Her hand pressed to John's chest, hot though his sweaty t-shirt.
"Don't ask me to do this."
Ronon could do it, and sleep the sleep of the just. Rodney would never be able to kill Teyla... unless she tried to feed on him.
Teyla curled her fist into John's shirt, holding on. He didn't need her to speak to feel the pain vibrating in her limbs. Hadn't he felt the same thing when he changed into the Iratus bug? The terror that he would lose himself to the monster, and no one would know in time to stop him?
She opened her mouth and moved her lips, almost begging.
"Don't make me promise this."
Don't make me be on the other end of the gun again.
"You're not going to change any more."
Don't make me promise to kill you.
Silence.
"I won't let you hurt anyone."
Don't do this to me. But the promise had been made, and the tightness in Teyla's eyes eased.
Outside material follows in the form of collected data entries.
lemma mu_assoc: "x \<in> carrier (F n) \<Longrightarrow> y \<in> carrier (F k) \<Longrightarrow> z \<in> carrier (F l) \<Longrightarrow>
    mu (n + k) l (mu n k x y) z = mu n (k + l) x (mu k l y z)"
  using dg_facts by (elim conjE) meson

lemma mu_comm: "x \<in> carrier (F n) \<Longrightarrow> y \<in> carrier (F k) \<Longrightarrow>
    mu n k x y = sgn_mod (F (n + k)) (n * k) (mu k n y x)"
  using dg_facts by (elim conjE) meson

lemma mu_odd_square: "odd n \<Longrightarrow> x \<in> carrier (F n) \<Longrightarrow> mu n n x x = \<zero>\<^bsub>F (n + n)\<^esub>"
  using dg_facts by (elim conjE) meson

lemma mu_bilinear: "bilinear_map R (F n) (F k) (F (n + k)) (mu n k)"
  using dg_facts module unfolding bilinear_map_def bilinear_map_axioms_def by (elim conjE) meson

lemma Leibniz: "0 < n + k \<Longrightarrow> x \<in> carrier (F n) \<Longrightarrow> y \<in> carrier (F k) \<Longrightarrow>
    d (n + k) (mu n k x y) =
      (if n = 0 then \<zero>\<^bsub>F (n + k - 1)\<^esub> else mu (n - 1) k (d n x) y) \<oplus>\<^bsub>F (n + k - 1)\<^esub>
      (if k = 0 then \<zero>\<^bsub>F (n + k - 1)\<^esub> else sgn_mod (F (n + k - 1)) n (mu n (k - 1) x (d k y)))"
  using dg_facts by (elim conjE) meson

sublocale R: cring R by (rule cring)

abbreviation RM where "RM \<equiv> ring_module R"
abbreviation Rg where "Rg \<equiv> assoc_graded R m"
abbreviation L where "L n \<equiv> lin_mod R m F n"
abbreviation D where "D n \<equiv> shift_map (F n) (d (Suc n))"

sublocale Rm: filtered_bilinear_map R RM RM RM "\<lambda>x y. x \<otimes>\<^bsub>R\<^esub> y" m
  by (intro filtered_bilinear_mapI bilinear_map.intro bilinear_map_axioms.intro module_ring_module
      cring ideal_subset) (simp_all add: R.l_distr R.r_distr R.m_assoc R.m_lcomm)

lemma smult_bilinear: "filtered_bilinear_map R RM (F n) (F n) (\<lambda>s x. s \<odot>\<^bsub>F n\<^esub> x) m"
proof -
  interpret module R "F n" by (rule module)
  show ?thesis
    by (intro filtered_bilinear_mapI bilinear_map.intro bilinear_map_axioms.intro module_ring_module
        cring ideal_subset module)
       (simp_all add: smult_l_distr smult_r_distr smult_assoc1 flip: smult_assoc1, simp add: R.m_comm)
qed

lemma mu_filtered_bilinear: "filtered_bilinear_map R (F n) (F k) (F (n + k)) (mu n k) m"
  by (rule filtered_bilinear_mapI[OF mu_bilinear ideal_subset])

lemma filtered_F: "filtered_module R (F n) m"
  by (rule filtered_moduleI[OF module ideal_subset])

lemma Rg_carrier: "carrier Rg = gr_carrier R RM m"
  and Rg_add: "ring.add Rg = gr_add R RM m"
  and Rg_zero: "ring.zero Rg = gr_cls R RM m 0 \<zero>\<^bsub>RM\<^esub>"
  and Rg_one: "monoid.one Rg = seq_cls R RM m (single_seq RM 0 \<one>\<^bsub>R\<^esub>)"
  by (simp_all add: assoc_graded_def Let_def gr_cls_seq_cls)

lemma Rg_obtain:
  assumes "a \<in> carrier Rg" obtains f where "graded_seq R RM m f" "a = seq_cls R RM m f"
  using Rm.FA.gr_carrier_obtain assms Rg_carrier by metis

lemma Rg_mult_seq_cls:
  assumes "graded_seq R RM m f" "graded_seq R RM m g"
  shows "seq_cls R RM m f \<otimes>\<^bsub>Rg\<^esub> seq_cls R RM m g = seq_cls R RM m (conv RM (\<lambda>x y. x \<otimes>\<^bsub>R\<^esub> y) f g)"
  using Rm.seq_cls_conv[OF assms] by (simp add: assoc_graded_def Let_def seq_cls_def conv_def)

lemma cring_Rg: "cring Rg"
proof (rule cringI)
  show "abelian_group Rg"
    by (rule Rm.FA.gr_abelian_group[OF Rg_carrier Rg_add Rg_zero])
  note graded = Rm.conv_graded_seq Rm.FA.graded_seq_add[simplified] Rm.FA.graded_seq_single
  note carr = Rm.FA.graded_seq_carrier
  have unit: "graded_seq R RM m (single_seq RM 0 \<one>\<^bsub>R\<^esub>)"
    by (rule Rm.FA.graded_seq_single) simp
  show "comm_monoid Rg"
  proof (rule comm_monoidI)
    show "\<one>\<^bsub>Rg\<^esub> \<in> carrier Rg"
      unfolding Rg_one Rg_carrier by (rule Rm.FA.seq_cls_in_gr_carrier[OF unit])
    fix x y z assume "x \<in> carrier Rg" "y \<in> carrier Rg" "z \<in> carrier Rg"
    then obtain f g h where f: "graded_seq R RM m f" "x = seq_cls R RM m f"
      and g: "graded_seq R RM m g" "y = seq_cls R RM m g" and h: "graded_seq R RM m h" "z = seq_cls R RM m h"
      using Rg_obtain by metis
    show "x \<otimes>\<^bsub>Rg\<^esub> y \<in> carrier Rg"
      by (simp add: f g Rg_mult_seq_cls Rg_carrier Rm.FA.seq_cls_in_gr_carrier graded)
    show "x \<otimes>\<^bsub>Rg\<^esub> y \<otimes>\<^bsub>Rg\<^esub> z = x \<otimes>\<^bsub>Rg\<^esub> (y \<otimes>\<^bsub>Rg\<^esub> z)"
      by (simp add: f g h Rg_mult_seq_cls graded,
          rule arg_cong[where f = "seq_cls R RM m"],
          rule conv_assoc[OF Rm.bilinear_map_axioms Rm.bilinear_map_axioms
            Rm.bilinear_map_axioms Rm.bilinear_map_axioms])
         (use carr[OF f(1)] carr[OF g(1)] carr[OF h(1)] in \<open>simp_all add: R.m_assoc\<close>)
    show "x \<otimes>\<^bsub>Rg\<^esub> y = y \<otimes>\<^bsub>Rg\<^esub> x"
      by (simp add: f g Rg_mult_seq_cls, rule seq_cls_cong,
          rule conv_comm[OF Rm.bilinear_map_axioms Rm.bilinear_map_axioms
            abelian_group_hom_id[OF module.axioms(2)[OF module_ring_module[OF cring]]]])
         (use carr[OF f(1)] carr[OF g(1)] in \<open>simp_all add: R.m_comm\<close>)
    show "\<one>\<^bsub>Rg\<^esub> \<otimes>\<^bsub>Rg\<^esub> x = x"
      using carr[OF f(1)]
      by (simp add: f Rg_one Rg_mult_seq_cls unit Rm.conv_single_left cong: seq_cls_cong)
  qed
  fix x y z assume "x \<in> carrier Rg" "y \<in> carrier Rg" "z \<in> carrier Rg"
  then obtain f g h where f: "graded_seq R RM m f" "x = seq_cls R RM m f"
    and g: "graded_seq R RM m g" "y = seq_cls R RM m g" and h: "graded_seq R RM m h" "z = seq_cls R RM m h"
    using Rg_obtain by metis
  show "(x \<oplus>\<^bsub>Rg\<^esub> y) \<otimes>\<^bsub>Rg\<^esub> z = x \<otimes>\<^bsub>Rg\<^esub> z \<oplus>\<^bsub>Rg\<^esub> y \<otimes>\<^bsub>Rg\<^esub> z"
    using carr[OF f(1)] carr[OF g(1)] carr[OF h(1)]
    by (simp add: f g h Rg_add Rg_mult_seq_cls Rm.FA.gr_add_seq_cls graded Rm.conv_add_left[simplified]
        cong: seq_cls_cong)
qed

lemma L_carrier: "carrier (L n) = gr_carrier R (F n) m"
  and L_add: "ring.add (L n) = gr_add R (F n) m"
  and L_zero: "ring.zero (L n) = gr_cls R (F n) m 0 \<zero>\<^bsub>F n\<^esub>"
  by (simp_all add: lin_mod_def)

lemma L_obtain:
  assumes "x \<in> carrier (L n)" obtains f where "graded_seq R (F n) m f" "x = seq_cls R (F n) m f"
  using filtered_module.gr_carrier_obtain[OF filtered_F] assms L_carrier by metis

lemma L_smult_seq_cls:
  assumes "graded_seq R RM m f" "graded_seq R (F n) m g"
  shows "seq_cls R RM m f \<odot>\<^bsub>L n\<^esub> seq_cls R (F n) m g
    = seq_cls R (F n) m (conv (F n) (\<lambda>s x. s \<odot>\<^bsub>F n\<^esub> x) f g)"
  using filtered_bilinear_map.seq_cls_conv[OF smult_bilinear assms]
  by (simp add: lin_mod_def seq_cls_def conv_def)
The room was silent, testament to what he had just sworn he would do.
John sat across the campfire from Teyla, watching the light of the yellow flames flicker over her face. They were on second watch, the sun about to rise on this alien planet. Three yards away, Rodney snored in his tent while Tor'neh, a Jaffa recruit from the Milky Way galaxy, kel-noreemed his way through the night.
This was John's team now. It stung that Ronon had opted to work with Lorne, but not as much as John had expected. At least the former Runner had softened toward Teyla.
Of course, it hadn't hurt that on their first mission out after Teyla's change, she had single-handedly saved the team from a Wraith attack. Ronon had been particularly impressed with the stories of how Teyla decapitated one Wraith with her bare hands. The memory still gave John chills, but Ronon thought it was a funny tale to tell over dinner.
People found it easy to pretend that since Teyla couldn't talk, she couldn't hear them when they spoke about her. John wanted to scream at them that she could hear a footfall a mile away, that she heard every whisper and taunt, but he held his tongue and kept track of the names. He'd play along with her fiction, the thin veneer of normality she held in place over herself in Atlantis.
Off-world, however, in only the company of her team, Teyla dropped the facade. She let herself use the increased agility and speed, the strength that lay coiled in her limbs. Each time she smiled off-world, a little bit of the guilt eased from Rodney's face. Every time that she saved their necks from the enemy, Tor'neh, a veteran of the Earth-Orii war, was just a little more impressed with Teyla as a warrior.
Every night, when they sat like this in the dark, John remembered the promise he'd made, almost three years before. Since then, he'd often wondered about the price that came with every gift in the Pegasus Galaxy, every blessing and its accompanying curse. He'd been really into comics book as a kid, especially Superman. Had Clark Kent's parents ever thought about what would happened if their superpowered adopted son had become a monster? Had they ever had that conversation about the what ifs?
Teyla's eyes caught the firelight with an odd glow. Soon, the sun would rise, John would drag Rodney out of his sleeping bag, and they'd set off for another day in search of the rumored ZPM on the planet.
It wasn't ever going to be like the old days, but even those days hadn't been normal. So what if Teyla was able to hear an alien squirrel a mile away, or lift Rodney over her head with one hand? She wasn't a monster, no more than the rest of them. She was still her, Clark Kent and Superman in one.
John just hated thinking that he was her kryptonite.